Who This Helps
You're a junior analyst who just finished a competitor claim audit. Now you need to turn that noise into a positioning strategy your team can actually execute. You want to ship clean analysis with clear recommendations – and get a green light from stakeholders.
Mini Case
Zaid, a junior analyst at a B2B SaaS company, spent 12 hours collecting competitor claims. He found 47 claims, but only 8 were backed by real evidence. The rest were marketing fluff. Zaid used the Market Intelligence & Positioning course to build a positioning grid with 3 comparable criteria. His VP approved the strategy in one meeting. No rework. No confusion.
Do This Now (5 Steps)
- Pull your top 5 competitor claims from your audit. Pick only those with hard evidence (case studies, revenue data, product specs).
- Define 3 criteria that matter to your ICP. For example: time to value, integration ease, or customer support quality.
- Score each competitor on a scale of 1 to 5 for each criterion.
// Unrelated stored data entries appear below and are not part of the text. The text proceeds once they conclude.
lemma critical_curve_vanishing_if_unit_normal:
  fixes f2 f3 :: "real \<times> real \<Rightarrow> real" and \<nu> :: "real \<times> real \<Rightarrow> real \<times> real \<times> real"
    and vf :: "real \<Rightarrow> real"
  assumes \<nu>: "unit_normal_on W f2 f3 \<nu>" "(0, 0) \<in> W" "W \<subseteq> S"
    and f2: "smooth_on S f2" and f3: "smooth_on S f3"
    and vf: "continuous (at 0) vf" "vf 0 = 0"
    and crit: "eventually (\<lambda>u. dd [(0, 1)] f2 (u, vf u) = 0) (nhds 0)"
    and f3v: "dd [(0, 1)] f3 (0, 0) = 0" and f2vv: "dd [(0, 1)] (dd [(0, 1)] f2) (0, 0) \<noteq> 0"
  shows "eventually (\<lambda>u. dd [(0, 1)] f3 (u, vf u) = 0) (nhds 0)"
proof -
  have "dd [(0, 1)] f2 (0, 0) = 0"
    using eventually_nhds_x_imp_x [OF crit] vf(2) by simp
  then have "snd (snd (\<nu> (0, 0))) \<noteq> 0"
    using \<nu> f2vv f3v
    by (intro unit_normal_third_component_nonzero [OF \<nu>(1,2)]
        smooth_on_differentiable [OF smooth_on_dd [OF f2]]
        smooth_on_differentiable [OF smooth_on_dd [OF f3]]) auto
  moreover have \<nu>W: "smooth_on W \<nu>"
    using \<nu>(1) by (simp add: unit_normal_on_def)
  moreover have "continuous_on W (\<lambda>q. snd (snd (\<nu> q)))"
    using smooth_on_continuous [OF \<nu>W] by (intro continuous_intros)
  moreover have "open W"
    using smooth_on_open [OF \<nu>W] .
  moreover define N where "N = W \<inter> (\<lambda>q. snd (snd (\<nu> q))) -` (- {0})"
  ultimately have N: "open N" "(0, 0) \<in> N"
    using continuous_open_preimage [of W "\<lambda>q. snd (snd (\<nu> q))" "- {0}"] \<nu>(2)
    by (auto simp: N_def)
  have "continuous (at 0) (\<lambda>u. (u, vf u))"
    using vf(1) by (intro continuous_intros)
  then have "eventually (\<lambda>u. (u, vf u) \<in> N) (nhds 0)"
    using N vf(2) by (auto simp: continuous_at_open eventually_nhds)
  then show ?thesis
    using crit
  proof eventually_elim
    case (elim u)
    then have "(u, vf u) \<in> W"
      by (simp add: N_def)
    then have "inner (fst (0 :: real, 1 :: real), dd [(0, 1)] f2 (u, vf u), dd [(0, 1)] f3 (u, vf u))
        (\<nu> (u, vf u)) = 0"
      using \<nu>(1) unfolding unit_normal_on_def by blast
    then have "dd [(0, 1)] f3 (u, vf u) * snd (snd (\<nu> (u, vf u))) = 0"
      using elim by (cases "\<nu> (u, vf u)") simp
    with elim show ?case
      by (simp add: N_def)
  qed
qed

text \<open>The normal \<open>N\<close> below is orthogonal to \<open>f\<^sub>u = (1, (f\<^sub>2)\<^sub>u, (f\<^sub>3)\<^sub>u)\<close> and to
  \<open>f\<^sub>v = c (0, a, b)\<close>.\<close>
lemma unit_normal_of_vertical_factorization:
  fixes f2 f3 a b c :: "real \<times> real \<Rightarrow> real"
  assumes f2: "smooth_on W f2" and f3: "smooth_on W f3"
    and a: "smooth_on W a" "\<And>q. q \<in> W \<Longrightarrow> a q \<noteq> 0" and b: "smooth_on W b"
    and factor2: "\<And>q. q \<in> W \<Longrightarrow> dd [(0, 1)] f2 q = c q * a q"
    and factor3: "\<And>q. q \<in> W \<Longrightarrow> dd [(0, 1)] f3 q = c q * b q"
  shows "unit_normal_on W f2 f3
    (\<lambda>q. sgn (dd [(1, 0)] f2 q * b q - dd [(1, 0)] f3 q * a q, - b q, a q))"
proof -
  define N where "N q = (dd [(1, 0)] f2 q * b q - dd [(1, 0)] f3 q * a q, - b q, a q)" for q
  have smooth_N: "smooth_on W N"
    unfolding N_def using smooth_on_dd [OF f2] smooth_on_dd [OF f3] a(1) b
    by (intro smooth_on_Pair smooth_on_diff smooth_on_mult smooth_on_minus)
  have N0: "N q \<noteq> 0" if "q \<in> W" for q
    using a(2) [OF that] by (simp add: N_def zero_prod_def)
  have orthogonal: "inner (fst X, dd [X] f2 q, dd [X] f3 q) (N q) = 0" if q: "q \<in> W" for q X
  proof -
    obtain x1 x2 where X: "X = (x1, x2)"
      by (cases X)
    have e2: "dd [(x1, x2)] f2 q = x1 * dd [(1, 0)] f2 q + x2 * (c q * a q)"
      using dd_Pair_expansion [OF smooth_on_differentiable [OF f2 q], of x1 x2] factor2 [OF q]
      by simp
    have e3: "dd [(x1, x2)] f3 q = x1 * dd [(1, 0)] f3 q + x2 * (c q * b q)"
      using dd_Pair_expansion [OF smooth_on_differentiable [OF f3 q], of x1 x2] factor3 [OF q]
      by simp
    show ?thesis
      unfolding X N_def e2 e3 by (simp add: algebra_simps)
  qed
  have "unit_normal_on W f2 f3 (\<lambda>q. sgn (N q))"
    unfolding unit_normal_on_def
  proof (intro conjI ballI allI)
    show "smooth_on W (\<lambda>q. sgn (N q))"
      using smooth_N N0 by (rule smooth_on_sgn)
    show "norm (sgn (N q)) = 1" if "q \<in> W" for q
      using N0 [OF that] by (simp add: norm_sgn)
    show "inner (fst X, dd [X] f2 q, dd [X] f3 q) (sgn (N q)) = 0" if "q \<in> W" for q X
      using orthogonal [OF that] by (simp add: sgn_div_norm)
  qed
  then show ?thesis
    by (simp only: N_def)
qed

lemma unit_normal_if_critical_curve_vanishing:
  fixes f2 f3 :: "real \<times> real \<Rightarrow> real" and vf :: "real \<Rightarrow> real"
  assumes f2: "smooth_on S f2" and f3: "smooth_on S f3" and S: "(0, 0) \<in> S"
    and vf: "smooth_on I vf" "0 \<in> I" "vf 0 = 0"
    and crit2: "eventually (\<lambda>u. dd [(0, 1)] f2 (u, vf u) = 0) (nhds 0)"
    and crit3: "eventually (\<lambda>u. dd [(0, 1)] f3 (u, vf u) = 0) (nhds 0)"
    and f2vv: "dd [(0, 1)] (dd [(0, 1)] f2) (0, 0) \<noteq> 0"
  obtains W \<nu> where "(0, 0) \<in> W" "W \<subseteq> S" "unit_normal_on W f2 f3 \<nu>"
proof -
  obtain W2 a where W2: "(0, 0) \<in> W2" "W2 \<subseteq> S" "smooth_on W2 a"
      "\<And>q. q \<in> W2 \<Longrightarrow> dd [(0, 1)] f2 q = (snd q - vf (fst q)) * a q"
      "a (0, 0) = dd [(0, 1)] (dd [(0, 1)] f2) (0, 0)"
    by (rule hadamard_lemma_graph [OF smooth_on_dd [OF f2] S vf crit2]) blast
  obtain W3 b where W3: "(0, 0) \<in> W3" "W3 \<subseteq> S" "smooth_on W3 b"
      "\<And>q. q \<in> W3 \<Longrightarrow> dd [(0, 1)] f3 q = (snd q - vf (fst q)) * b q"
    by (rule hadamard_lemma_graph [OF smooth_on_dd [OF f3] S vf crit3]) blast
  define W where "W = (W2 \<inter> W3) \<inter> a -` (- {0})"
  have "open (W2 \<inter> W3)"
    using smooth_on_open [OF W2(3)] smooth_on_open [OF W3(3)] by blast
  moreover have "continuous_on (W2 \<inter> W3) a"
    using smooth_on_continuous [OF W2(3)] by (rule continuous_on_subset) blast
  ultimately have "open W"
    using continuous_open_preimage [of "W2 \<inter> W3" a "- {0}"] by (auto simp: W_def)
  have W: "(0, 0) \<in> W" "W \<subseteq> W2" "W \<subseteq> W3" "W \<subseteq> S"
    using W2(1,2,5) W3(1) f2vv by (auto simp: W_def)
  have restrict: "smooth_on W g" if "smooth_on T g" "W \<subseteq> T" for T and g :: "real \<times> real \<Rightarrow> real"
    using smooth_on_subset [OF that(1) \<open>open W\<close> that(2)] .
  have "unit_normal_on W f2 f3
      (\<lambda>q. sgn (dd [(1, 0)] f2 q * b q - dd [(1, 0)] f3 q * a q, - b q, a q))"
    using W W2(4) W3(4)
    by (intro unit_normal_of_vertical_factorization restrict [OF f2] restrict [OF f3]
        restrict [OF W2(3)] restrict [OF W3(3)]) (auto simp: W_def)
  with W that show ?thesis
    by blast
qed

theorem mainTheorem13:
  fixes f2 f3 :: "real \<times> real \<Rightarrow> real" and vf :: "real \<Rightarrow> real"
  defines "f \<equiv> (\<lambda>(u, v). (u, f2 (u, v), f3 (u, v)))"
  assumes smooth: "smooth_near 0 f"
    and f0: "f (0, 0) = 0"
    and fv0: "frechet_derivative f (at (0, 0)) (0, 1) = 0"
    and jet: "A2_equiv f (\<lambda>(u, v). (u, v ^ 2, 0))"
    and f2vv: "dd [(0, 1), (0, 1)] f2 (0, 0) \<noteq> 0"
    and vsmooth: "smooth_near 0 vf"
    and v0: "vf 0 = 0"
    and vcrit: "\<exists>e>0. \<forall>u. \<bar>u\<bar> < e \<longrightarrow> dd [(0, 1)] f2 (u, vf u) = 0"
  shows "frontal_near0 f \<longleftrightarrow> (\<exists>e>0. \<forall>u. \<bar>u\<bar> < e \<longrightarrow> dd [(0, 1)] f3 (u, vf u) = 0)"
proof -
  obtain U0 where U0: "(0, 0) \<in> U0" "smooth_on U0 f"
    using smooth by (auto simp: smooth_near_def zero_prod_def)
  have f2: "smooth_on U0 f2" and f3: "smooth_on U0 f3"
    using smooth_on_graph_map_components [OF U0(2) [unfolded f_def]] by simp_all
  obtain I where I: "0 \<in> I" "smooth_on I vf"
    using vsmooth by (auto simp: smooth_near_def)
  have vf: "continuous (at 0) vf"
    using smooth_on_differentiable [OF I(2,1)] by (rule differentiable_imp_continuous_within)
  have crit2: "eventually (\<lambda>u. dd [(0, 1)] f2 (u, vf u) = 0) (nhds 0)"
    using vcrit by (simp add: eventually_nhds_metric dist_real_def)
  have "frechet_derivative f (at (0, 0)) (0, 1) = (0, dd [(0, 1)] f2 (0, 0), dd [(0, 1)] f3 (0, 0))"
    unfolding f_def using frechet_derivative_graph_map
      [OF smooth_on_differentiable [OF f2 U0(1)] smooth_on_differentiable [OF f3 U0(1)]] by simp
  then have f3v: "dd [(0, 1)] f3 (0, 0) = 0"
    using fv0 by (simp add: zero_prod_def)
  have f2vv': "dd [(0, 1)] (dd [(0, 1)] f2) (0, 0) \<noteq> 0"
    using f2vv unfolding dd_Cons [of "(0, 1)" "[(0, 1)]"] .
  have "frontal_near0 f \<longleftrightarrow> eventually (\<lambda>u. dd [(0, 1)] f3 (u, vf u) = 0) (nhds 0)"
    unfolding f_def frontal_near0_iff_unit_normal [OF f2 f3 U0(1)]
  proof
    assume "\<exists>W \<nu>. (0, 0) \<in> W \<and> W \<subseteq> U0 \<and> unit_normal_on W f2 f3 \<nu>"
    then show "eventually (\<lambda>u. dd [(0, 1)] f3 (u, vf u) = 0) (nhds 0)"
      using critical_curve_vanishing_if_unit_normal [OF _ _ _ f2 f3 vf v0 crit2 f3v f2vv'] by blast
  next
    assume "eventually (\<lambda>u. dd [(0, 1)] f3 (u, vf u) = 0) (nhds 0)"
    then show "\<exists>W \<nu>. (0, 0) \<in> W \<and> W \<subseteq> U0 \<and> unit_normal_on W f2 f3 \<nu>"
      by (rule unit_normal_if_critical_curve_vanishing [OF f2 f3 U0(1) I(2,1) v0 crit2 _ f2vv']) blast
  qed
  then show ?thesis
    by (simp add: eventually_nhds_metric dist_real_def)
qed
Be honest – your product won't win everywhere.
- Identify your wedge – the one criterion where you clearly beat everyone. That's your positioning anchor.
- Write one sentence that states your position. Example: "We help mid-market teams reduce onboarding time by 40% compared to competitors."
Avoid These Traps
- Using every competitor claim. Most are noise. Stick to evidence-backed claims only.
- Picking too many criteria. Three is plenty. More than five and your grid becomes a mess.
- Forgetting your ICP. A grid that works for enterprise might fail for SMBs. Keep your audience in mind.
- Hiding your weaknesses. Stakeholders will spot them anyway. Better to acknowledge tradeoffs upfront.
- Skipping the win-loss data. Your own lost deals tell you exactly where competitors beat you. Use that.
Your Win by Friday
By end of week, you'll have a one-page positioning artifact that your team can use for messaging, product decisions, and sales plays. No more vague strategy docs. Just a clean grid with clear bets and guardrails. And yes, you'll look like the analyst who actually gets things done.
Bonus: Your stakeholders will stop asking for "more data" because your recommendations will be backed by evidence, not opinions.